Maintained by the Danish Climate Data Agency for Bounding Box Detection on Oblique Images.

image

Installation

  • clone repo

    git clone https://github.com/SDFIdk/ML_object_detection
  • create conda environment

    cd ML_object_detection
    mamba env create -f environment.yml
    mamba activate  ML_object_detection

Example use

  • Use the included model for inference on one small and one large image from the included set of example images
    python src/ML_object_detection/infer_with_sahi.py --weights models/example_model.pt --folder_with_images data/example_images/ --result_folder output

Create dataset for training

  • split the images to sizes suitable for yolo

    python split_with_gdal.py --image /path/to/large/images --output dataset/folder --x 640 --y 640 --overlap 40
  • Create a dataset with labelme

    Open folder containing the splitted images

    For each image you want to train on, draw rectangles from the upper left corner to the lower right corner.

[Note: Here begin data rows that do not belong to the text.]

(* Let $f$ be a germ of a holomorphic function at the origin of $\mathbb C$, let $m\in\mathbb N$ and $k\in\mathbb N$. If for every $n\ge k$ there is $R_n\in\mathcal R_{nm}$ such that $f-R_n$ vanishes to order at least $n+m+2$ at the origin, then $f\in\mathcal R_{km}$ (i.e. $f$ is the germ of a function in $\mathcal R_{km}$).
   Context: $\mathcal R_{nm}$ is the set of rational functions $P/Q$ with $P$ a polynomial of degree at most $n$ and $Q\not\equiv0$ a polynomial of degree at most $m$. *)

theory Defs
  imports "HOL-Complex_Analysis.Complex_Analysis" "HOL-Computational_Algebra.Polynomial"
    "HOL-Library.Landau_Symbols"
begin

definition rat_fun :: "complex poly \<Rightarrow> complex poly \<Rightarrow> complex \<Rightarrow> complex" where
  "rat_fun P Q = (\<lambda>z. poly P z / poly Q z)"

definition in_R :: "nat \<Rightarrow> nat \<Rightarrow> complex poly \<Rightarrow> complex poly \<Rightarrow> bool" where
  "in_R n m P Q \<longleftrightarrow> degree P \<le> n \<and> degree Q \<le> m \<and> Q \<noteq> 0"

text \<open>g vanishes to order at least N at the origin: g(z) = O(z^N) as z \<rightarrow> 0
  (punctured neighbourhood, so removable singularities of rational functions are harmless).\<close>
definition vanishes_to_order :: "(complex \<Rightarrow> complex) \<Rightarrow> nat \<Rightarrow> bool" where
  "vanishes_to_order g N \<longleftrightarrow> g \<in> O[at 0](\<lambda>z. z ^ N)"

end

theory Submission
  imports Defs
begin

text \<open>Two consecutive approximants \<open>P\<^sub>n/Q\<^sub>n\<close> and \<open>P\<^sub>n\<^sub>+\<^sub>1/Q\<^sub>n\<^sub>+\<^sub>1\<close>
  both agree with \<open>f\<close> to order \<open>n + m + 2\<close>, so the polynomial
  \<open>P\<^sub>n Q\<^sub>n\<^sub>+\<^sub>1 - P\<^sub>n\<^sub>+\<^sub>1 Q\<^sub>n\<close>, of degree at most \<open>n + m + 1\<close>,
  vanishes to order \<open>n + m + 2\<close> at the origin and is therefore zero. Hence all
  approximants with \<open>n \<ge> k\<close> are the same rational function \<open>P\<^sub>k/Q\<^sub>k\<close>, and the
  holomorphic function \<open>f Q\<^sub>k - P\<^sub>k\<close> vanishes to every order at the origin;
  by the identity theorem it vanishes near the origin.\<close>

lemma eventually_poly_nonzero_at:
  fixes q :: "'a::real_normed_field poly"
  assumes "q \<noteq> 0"
  shows "eventually (\<lambda>z. poly q z \<noteq> 0) (at x)"
proof -
  have "eventually (\<lambda>z. z \<notin> {z. poly q z = 0}) (at x)"
    using islimpt_finite[OF poly_roots_finite[OF assms]] islimpt_iff_eventually by blast
  thus ?thesis by simp
qed

lemma vanishes_to_order_mono:
  assumes "vanishes_to_order g N" "M \<le> N"
  shows "vanishes_to_order g M"
proof -
  have "(\<lambda>z::complex. z ^ M * z ^ (N - M)) \<in> O[at 0](\<lambda>z. z ^ M)"
    by (rule landau_o.big_1_mult[OF landau_o.big_refl continuous_imp_bigo_1]) simp
  hence "(\<lambda>z::complex. z ^ N) \<in> O[at 0](\<lambda>z. z ^ M)"
    using assms(2) by (simp flip: power_add)
  with assms(1) show ?thesis
    unfolding vanishes_to_order_def by (rule landau_o.big_trans)
qed

lemma power_mult_vanishes_imp_zero:
  fixes h :: "complex \<Rightarrow> complex"
  assumes "isCont h 0" "j < N" "vanishes_to_order (\<lambda>z. z ^ j * h z) N"
  shows "h 0 = 0"
proof -
  have "(\<lambda>z. z ^ j * z ^ (N - j)) = (\<lambda>z::complex. z ^ N)"
    using assms(2) by (simp flip: power_add)
  with assms(3) have "(\<lambda>z. z ^ j * h z) \<in> O[at 0](\<lambda>z. z ^ j * z ^ (N - j))"
    by (simp add: vanishes_to_order_def)
  moreover have "eventually (\<lambda>z::complex. z ^ j \<noteq> 0) (at 0)"
    using eventually_neq_at_within[of 0 0 UNIV] by (rule eventually_mono) simp
  ultimately have "h \<in> O[at 0](\<lambda>z. z ^ (N - j))"
    by (subst (asm) landau_o.big.mult_cancel_left) auto
  moreover have "(\<lambda>z::complex. z ^ (N - j)) \<in> o[at 0](\<lambda>_. 1)"
    using assms(2) by (intro smalloI_tendsto) (auto intro!: tendsto_eq_intros)
  ultimately have "h \<in> o[at 0](\<lambda>_. 1)"
    by (rule landau_o.big_small_trans)
  hence "(h \<longlongrightarrow> 0) (at 0)"
    using smalloD_tendsto by force
  with assms(1) show ?thesis
    by (simp add: isCont_def LIM_unique)
qed

lemma vanishes_to_order_poly_imp_zero:
  assumes "degree p < N" "vanishes_to_order (poly p) N"
  shows "p = 0"
proof (rule ccontr)
  assume "p \<noteq> 0"
  then obtain q where q: "p = [:0, 1:] ^ order 0 p * q" "\<not> [:0, 1:] dvd q"
    using order_decomp[of p 0] by auto
  have "poly p = (\<lambda>z. z ^ order 0 p * poly q z)"
    by (subst q(1)) (simp add: fun_eq_iff poly_power)
  hence "vanishes_to_order (\<lambda>z. z ^ order 0 p * poly q z) N"
    using assms(2) by simp
  moreover have "order 0 p < N"
    using le_less_trans[OF order_degree[OF \<open>p \<noteq> 0\<close>] assms(1)] .
  ultimately have "poly q 0 = 0"
    by (intro power_mult_vanishes_imp_zero) auto
  with q(2) show False
    by (simp add: poly_eq_0_iff_dvd)
qed

lemma rat_fun_approximants_cross_eq:
  assumes "Q1 \<noteq> 0" "Q2 \<noteq> 0" "degree P1 + degree Q2 < N" "degree P2 + degree Q1 < N"
    and "vanishes_to_order (\<lambda>z. f z - rat_fun P1 Q1 z) N"
    and "vanishes_to_order (\<lambda>z. f z - rat_fun P2 Q2 z) N"
  shows "P1 * Q2 = P2 * Q1"
proof -
  let ?D = "P1 * Q2 - P2 * Q1"
  have "degree ?D < N"
    using assms(3,4) degree_mult_le[of P1 Q2] degree_mult_le[of P2 Q1]
    by (intro degree_diff_less) linarith+
  have "(\<lambda>z. (f z - rat_fun P2 Q2 z) - (f z - rat_fun P1 Q1 z)) \<in> O[at 0](\<lambda>z. z ^ N)"
    using assms(6,5) unfolding vanishes_to_order_def by (rule sum_in_bigo(2))
  hence "vanishes_to_order
      (\<lambda>z. ((f z - rat_fun P2 Q2 z) - (f z - rat_fun P1 Q1 z)) * poly (Q1 * Q2) z) N"
    unfolding vanishes_to_order_def
    by (rule landau_o.big_1_mult[OF _ continuous_imp_bigo_1]) simp
  moreover have "eventually (\<lambda>z.
      ((f z - rat_fun P2 Q2 z) - (f z - rat_fun P1 Q1 z)) * poly (Q1 * Q2) z = poly ?D z) (at 0)"
    using eventually_poly_nonzero_at[OF assms(1)] eventually_poly_nonzero_at[OF assms(2)]
    by eventually_elim (simp add: rat_fun_def field_simps)
  ultimately have "vanishes_to_order (poly ?D) N"
    unfolding vanishes_to_order_def by (rule landau_o.big.in_cong[THEN iffD1, rotated])
  with \<open>degree ?D < N\<close> have "?D = 0"
    by (rule vanishes_to_order_poly_imp_zero)
  thus ?thesis
    by simp
qed

lemma consecutive_cross_eq_imp_cross_eq:
  fixes P Q :: "nat \<Rightarrow> 'a::idom"
  assumes "\<And>n. n \<ge> k \<Longrightarrow> Q n \<noteq> 0"
    and "\<And>n. n \<ge> k \<Longrightarrow> P n * Q (Suc n) = P (Suc n) * Q n"
    and "n \<ge> k"
  shows "P k * Q n = P n * Q k"
  using assms(3)
proof (induction n rule: dec_induct)
  case (step n)
  have "Q n * (P k * Q (Suc n)) = Q k * (P n * Q (Suc n))"
    using step.IH by (simp add: mult_ac)
  also have "\<dots> = Q n * (P (Suc n) * Q k)"
    using assms(2)[OF step.hyps(1)] by (simp add: mult_ac)
  finally show ?case
    using assms(1)[OF step.hyps(1)] by simp
qed simp

lemma vanishes_to_order_clear_denominator:
  assumes "Q' \<noteq> 0" "P * Q' = P' * Q"
    and "vanishes_to_order (\<lambda>z. f z - rat_fun P' Q' z) N"
  shows "vanishes_to_order (\<lambda>z. f z * poly Q z - poly P z) N"
proof -
  have "vanishes_to_order (\<lambda>z. (f z - rat_fun P' Q' z) * poly Q z) N"
    using assms(3) unfolding vanishes_to_order_def
    by (rule landau_o.big_1_mult[OF _ continuous_imp_bigo_1]) simp
  moreover have "eventually
      (\<lambda>z. (f z - rat_fun P' Q' z) * poly Q z = f z * poly Q z - poly P z) (at 0)"
    using eventually_poly_nonzero_at[OF assms(1)]
  proof eventually_elim
    case (elim z)
    have "poly P z * poly Q' z = poly P' z * poly Q z"
      using arg_cong[OF assms(2), of "\<lambda>p. poly p z"] by simp
    with elim show ?case
      by (simp add: rat_fun_def field_simps)
  qed
  ultimately show ?thesis
    unfolding vanishes_to_order_def by (rule landau_o.big.in_cong[THEN iffD1, rotated])
qed

lemma holomorphic_vanishes_to_all_orders_imp_eventually_zero:
  assumes "g holomorphic_on ball 0 r" "r > 0" "\<And>N. vanishes_to_order g N"
  shows "eventually (\<lambda>z. g z = 0) (at 0)"
proof -
  have near_0: "eventually (\<lambda>z. z \<in> ball 0 e) (at (0::complex))" if "e > 0" for e
    using that by (intro eventually_at_in_open') auto
  have "isCont g 0"
    using holomorphic_on_imp_continuous_on[OF assms(1)] assms(2)
    by (simp add: continuous_on_eq_continuous_at)
  hence g0: "g 0 = 0"
    using power_mult_vanishes_imp_zero[of g 0 1] assms(3) by simp
  show ?thesis
  proof (cases "g constant_on ball 0 r")
    case True
    hence "\<And>z. z \<in> ball 0 r \<Longrightarrow> g z = 0"
      using g0 assms(2) by (metis centre_in_ball constant_on_def)
    with near_0[OF assms(2)] show ?thesis
      by (auto elim: eventually_mono)
  next
    case False
    obtain h e n where "0 < e" "h holomorphic_on ball 0 e"
        and g_eq: "\<And>w. w \<in> ball 0 e \<Longrightarrow> g w = (w - 0) ^ n * h w"
        and h_nz: "\<And>w. w \<in> ball 0 e \<Longrightarrow> h w \<noteq> 0"
      using holomorphic_factor_zero_nonconstant[OF assms(1) open_ball connected_ball _ g0 False]
        assms(2) by (metis centre_in_ball)
    have "isCont h 0"
      using holomorphic_on_imp_continuous_on[OF \<open>h holomorphic_on ball 0 e\<close>] \<open>0 < e\<close>
      by (simp add: continuous_on_eq_continuous_at)
    moreover have "vanishes_to_order (\<lambda>z. z ^ n * h z) (Suc n)"
      using assms(3)[of "Suc n"] unfolding vanishes_to_order_def
      by (rule landau_o.big.in_cong[THEN iffD1, rotated])
        (use near_0[OF \<open>0 < e\<close>] in \<open>auto elim: eventually_mono simp: g_eq\<close>)
    ultimately have "h 0 = 0"
      using power_mult_vanishes_imp_zero[of h n "Suc n"] by blast
    with h_nz \<open>0 < e\<close> show ?thesis
      by simp
  qed
qed

theorem proposition3p5:
  fixes f :: "complex \<Rightarrow> complex" and r :: real and m k :: nat
  assumes "r > 0" and "f holomorphic_on ball 0 r"
    and "\<forall>n\<ge>k. \<exists>P Q. in_R n m P Q \<and>
            vanishes_to_order (\<lambda>z. f z - rat_fun P Q z) (n + m + 2)"
  shows "\<exists>P Q. in_R k m P Q \<and> (\<forall>\<^sub>F z in at 0. f z = rat_fun P Q z)"
proof -
  from assms(3) obtain P Q where PQ: "\<And>n. n \<ge> k \<Longrightarrow> in_R n m (P n) (Q n)"
    and approx: "\<And>n. n \<ge> k \<Longrightarrow>
      vanishes_to_order (\<lambda>z. f z - rat_fun (P n) (Q n) z) (n + m + 2)"
    by metis
  have Q_nz: "Q n \<noteq> 0" if "n \<ge> k" for n
    using PQ[OF that] by (simp add: in_R_def)
  have consecutive: "P n * Q (Suc n) = P (Suc n) * Q n" if "n \<ge> k" for n
  proof (rule rat_fun_approximants_cross_eq)
    show "degree (P n) + degree (Q (Suc n)) < n + m + 2"
      and "degree (P (Suc n)) + degree (Q n) < n + m + 2"
      using PQ[of n] PQ[of "Suc n"] that by (auto simp: in_R_def)
    show "vanishes_to_order (\<lambda>z. f z - rat_fun (P (Suc n)) (Q (Suc n)) z) (n + m + 2)"
      by (rule vanishes_to_order_mono[OF approx[of "Suc n"]]) (use that in auto)
  qed (use that Q_nz approx in auto)
  have cross: "P k * Q n = P n * Q k" if "n \<ge> k" for n
    using consecutive_cross_eq_imp_cross_eq[where P = P and Q = Q] Q_nz consecutive that
    by blast
  have "vanishes_to_order (\<lambda>z. f z * poly (Q k) z - poly (P k) z) N" for N
    using vanishes_to_order_clear_denominator[OF Q_nz cross approx, of "k + N"]
    by (rule vanishes_to_order_mono) simp_all
  then have "eventually (\<lambda>z. f z * poly (Q k) z - poly (P k) z = 0) (at 0)"
    by (intro holomorphic_vanishes_to_all_orders_imp_eventually_zero[OF _ assms(1)]
        holomorphic_intros assms(2))
  then have "eventually (\<lambda>z. f z = rat_fun (P k) (Q k) z) (at 0)"
    using eventually_poly_nonzero_at[OF Q_nz[OF order.refl]]
    by eventually_elim (simp add: rat_fun_def field_simps)
  with PQ[OF order.refl] show ?thesis
    by blast
qed

end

    OBS. All objects of the categoriez you want to detect needs to be marked up. Partly labeled images will ruin the training.

  • (optional) set all "unkown"/"ignore" areas to black

    If you labeled areas with the text "ignore" (e.g areas for wich you are unsure about the correct classification) we have the option to mask all these areas and make them black. Calling mask_unknown_regions.py with -h flag will give more instructions on usage

    python  mask_unknown_regions.py -h
  • make sure that all .json files use the same format (original .tif image)

python standardize_json.py --json_dir /mnt/T/mnt/trainingdata/object_detection/from_Fdrev_ampol/all/
  • convert the labelme dataset to yolo format with

    labelme2yolo --json_dir /path/to/labelme_json_dir/ --val_size 0.15 --test_size 0.15
    e.g labelme2yolo --json_dir /mnt/T/mnt/trainingdata/object_detection/from_Fdrev_ampol/split/
  • Train a object detection model on the dataset

    python train.py --data /path/to/labelme_json_dir/config.yml
    e.g  python src/ML_object_detection/train.py --data /mnt/T/mnt/trainingdata/object_detection/object_detection_dataset/2025-06-16/labelme_images/YOLODataset/dataset.yaml
  • Use the model for inference on large (unsplitted images) (e.g for creating sugestions for new labels)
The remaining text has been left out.